**Saved entries**
****************

lemma lower_mon_eq_unit_imp_eq:
  assumes p: "p \<in> monset n" and m: "m \<in> monset n" and unit: "lower_mon m p = unit_mon"
    and min: "(\<Sum>j<n. fst m j) \<le> (\<Sum>j<n. fst p j)"
  shows "p = m"
proof -
  have c: "fst p j \<le> fst m j" "snd p j + fst m j = snd m j + fst p j" for j
    using unit unfolding lower_mon_eq_unit_iff by auto
  have "(\<Sum>j<n. fst p j) \<le> (\<Sum>j<n. fst m j)" by (rule sum_mono) (use c in auto)
  then have "(\<Sum>j<n. fst p j) = (\<Sum>j<n. fst m j)" using min by simp
  then have "fst p j = fst m j" if "j < n" for j
    by (rule sum_mono_inv) (use c that in auto)
  moreover have "fst p j = fst m j" if "\<not> j < n" for j
    using p m that unfolding mem_monset_iff by auto
  ultimately have fst: "fst p = fst m" by (auto simp: fun_eq_iff)
  then have "snd p = snd m" using c(2) by (auto simp: fun_eq_iff)
  with fst show ?thesis by (rule monom_eqI)
qed

lemma lower_mon_self: "lower_mon m m = unit_mon"
  unfolding lower_mon_eq_unit_iff by simp

lemma sandwich_all_idems:
  assumes g: "g \<in> Sn n"
  shows "sandwich_idems [0..<n] g = (\<lambda>x. g unit_mon * idem_prod n x :: 'k::field)"
proof
  fix x
  have "sandwich_idems [0..<n] g x = (\<Prod>j<n. gen_coeff 0 0 (fst x j) (snd x j)) * g (mon_erase {..<n} x)"
    using sandwich_idems_eq[OF SnD(1)[OF g], of "[0..<n]" x] by (simp add: atLeast0LessThan)
  moreover have "mon_erase {..<n} x = unit_mon" if "x \<in> monset n"
    using that unfolding mon_erase_def mem_monset_iff by (auto simp: fun_eq_iff)
  moreover have "g (mon_erase {..<n} x) = 0" if "x \<notin> monset n"
  proof -
    have "mon_erase {..<n} x \<notin> monset n" using that unfolding mon_erase_def mem_monset_iff by auto
    then show ?thesis using SnD(2)[OF g] by blast
  qed
  ultimately show "sandwich_idems [0..<n] g x = g unit_mon * idem_prod n x"
    by (cases "x \<in> monset n") (simp_all add: idem_prod_eq)
qed

lemma idem_prod_mem_ideal:
  assumes I: "is_ideal n I" and f: "f \<in> I" and nz: "f \<noteq> (\<lambda>_. 0)"
  shows "(idem_prod n :: monom \<Rightarrow> 'k::field) \<in> I"
proof -
  have fS: "f \<in> Sn n" using idealD(1)[OF I] f by blast
  let ?S = "{x. f x \<noteq> 0}" and ?deg = "\<lambda>p. \<Sum>j<n. fst p j"
  have "finite ?S" "?S \<noteq> {}" using SnD(1)[OF fS] nz by auto
  then obtain m where m: "f m \<noteq> 0" and min: "\<forall>p. f p \<noteq> 0 \<longrightarrow> ?deg m \<le> ?deg p"
    using Min_in[of "?deg ` ?S"] Min_le[of "?deg ` ?S"] by fastforce
  have mm: "m \<in> monset n" using SnD(2)[OF fS m] .
  define g where "g = pushforward (lower_mon m) f"
  have "g \<in> I" unfolding g_def lower_mon_def
    by (rule ideal_sandwich_emon[OF I f]) (use mm in \<open>auto simp: mem_monset_iff\<close>)
  then have gS: "g \<in> Sn n" using idealD(1)[OF I] by blast
  have "\<forall>p. f p \<noteq> 0 \<longrightarrow> lower_mon m p = unit_mon \<longrightarrow> p = m"
    using lower_mon_eq_unit_imp_eq[OF SnD(2)[OF fS] mm] min by blast
  then have g_unit: "g unit_mon = f m"
    unfolding g_def by (simp add: pushforward_single lower_mon_self)
  have "sandwich_idems [0..<n] g \<in> I" by (rule sandwich_idems_mem_ideal[OF I \<open>g \<in> I\<close>]) auto
  then have "(\<lambda>x. (1 / f m) * (f m * idem_prod n x)) \<in> I"
    unfolding sandwich_all_idems[OF gS] g_unit by (rule ideal_smult[OF I])
  then show ?thesis using m by simp
qed

lemma gen_coeff_shift: "gen_coeff a b (a + s) (b + t) = gen_coeff 0 0 s t"
  unfolding gen_coeff_def by auto
lemma prefix_piece:
  assumes i: "i \<le> k" and j: "j \<le> length (ES i)" and inner: "1 \<le> i \<Longrightarrow> j < length (ES i)"
  defines "pv \<equiv> take (Suc j) (VS i)" and "pe \<equiv> take j (ES i)"
  shows "is_walk E ends pv pe" "last pv = VS i ! j" "distinct pv"
    "\<forall>v\<in>set pv. p (VS i ! j) \<le> p v" "p (hd pv) - p (VS i ! j) = F i * plen L pe"
    "set pe \<subseteq> set (ES i)" "\<forall>v\<in>set pv. v \<in> covV P i \<longrightarrow> v = hd pv"
proof -
  have jl: "j < length (VS i)" using j length_VS[OF i] by simp
  have hd_pv: "hd pv = VS i ! 0" unfolding pv_def using hd_VS[OF i] by (cases "VS i") simp_all
  have idx: "\<exists>m\<le>j. v = VS i ! m" if "v \<in> set pv" for v
    using in_set_take_nth[OF that[unfolded pv_def]] by (auto simp: less_Suc_eq_le)
  show "is_walk E ends pv pe" unfolding pv_def pe_def by (rule walk_take[OF walk_P[OF i] j])
  show "last pv = VS i ! j" unfolding pv_def using jl by (simp add: take_Suc_conv_app_nth)
  show "set pe \<subseteq> set (ES i)" unfolding pe_def by (rule set_take_subset)
  show "distinct pv"
  proof (cases "i = 0")
    case True
    then show ?thesis unfolding pv_def using P0(2) by simp
  next
    case False
    then have "pv = take (Suc j) (take (length (ES i)) (VS i))"
      unfolding pv_def using inner by (simp add: min_def)
    moreover have "distinct (take (Suc j) (take (length (ES i)) (VS i)))"
      by (rule distinct_take[OF path_distinct_butlast[OF path_P[OF i]]])
    ultimately show ?thesis by (simp only:)
  qed
  show "\<forall>v\<in>set pv. p (VS i ! j) \<le> p v"
    using idx potential_antimono[OF i _ j] by blast
  show "p (hd pv) - p (VS i ! j) = F i * plen L pe"
    using hd_pv potential_linear[OF i j] potential_linear[OF i, of 0] plen_take_drop[of L "ES i" j]
    unfolding pe_def by (simp add: algebra_simps)
  show "\<forall>v\<in>set pv. v \<in> covV P i \<longrightarrow> v = hd pv"
  proof (intro ballI impI)
    fix v assume v: "v \<in> set pv" "v \<in> covV P i"
    then obtain m where m: "m \<le> j" "v = VS i ! m" using idx by blast
    have "i \<noteq> 0" using v(2) by (cases i) auto
    then have "m = 0" using interior_uncovered[OF _ i, of m] inner m v(2) by fastforce
    then show "v = hd pv" using m hd_pv by simp
  qed
qed

lemma suffix_piece:
  assumes i: "i \<le> k" and j: "j \<le> length (ES i)" and inner: "1 \<le> i \<Longrightarrow> 0 < j"
  defines "sv \<equiv> drop j (VS i)" and "se \<equiv> drop j (ES i)"
  shows "is_walk E ends sv se" "hd sv = VS i ! j" "last sv = last (VS i)" "distinct sv"
    "\<forall>v\<in>set sv. p v \<le> p (VS i ! j)" "p (VS i ! j) - p (last sv) = F i * plen L se"
    "set se \<subseteq> set (ES i)" "\<forall>v\<in>set sv. v \<in> covV P i \<longrightarrow> v = last sv"
proof -
  have jl: "j < length (VS i)" using j length_VS[OF i] by simp
  have last_sv: "last sv = last (VS i)" unfolding sv_def using jl by simp
  have idx: "\<exists>m\<ge>j. m \<le> length (ES i) \<and> v = VS i ! m" if "v \<in> set sv" for v
    using in_set_drop_nth[OF that[unfolded sv_def]] length_VS[OF i] by auto
  show "is_walk E ends sv se" unfolding sv_def se_def by (rule walk_drop[OF walk_P[OF i] j])
  show "hd sv = VS i ! j" unfolding sv_def using jl by (simp add: hd_drop_conv_nth)
  show "last sv = last (VS i)" by (rule last_sv)
  show "set se \<subseteq> set (ES i)" unfolding se_def by (rule set_drop_subset)
  show "distinct sv"
    using P0(2) path_distinct_drop[OF path_P[OF i]] inner unfolding sv_def
    by (cases "i = 0") auto
  show "\<forall>v\<in>set sv. p v \<le> p (VS i ! j)"
    using idx potential_antimono[OF i] by blast
  show "p (VS i ! j) - p (last sv) = F i * plen L se"
    using last_sv potential_linear[OF i j] unfolding se_def by simp
  show "\<forall>v\<in>set sv. v \<in> covV P i \<longrightarrow> v = last sv"
  proof (intro ballI impI)
    fix v assume v: "v \<in> set sv" "v \<in> covV P i"
    then obtain m where m: "j \<le> m" "m \<le> length (ES i)" "v = VS i ! m" using idx by blast
    have "i \<noteq> 0" using v(2) by (cases i) auto
    then have "m = length (ES i)" using interior_uncovered[OF _ i, of m] inner m v(2) by fastforce
    then show "v = last sv" using m last_sv last_VS[OF i] by simp
  qed
qed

****************

**WHAT IS EXPECTED**
Check each line of the data above for the word "notin" and state how many lines contain it, with no other text.

**EXERCISE ANSWER**
2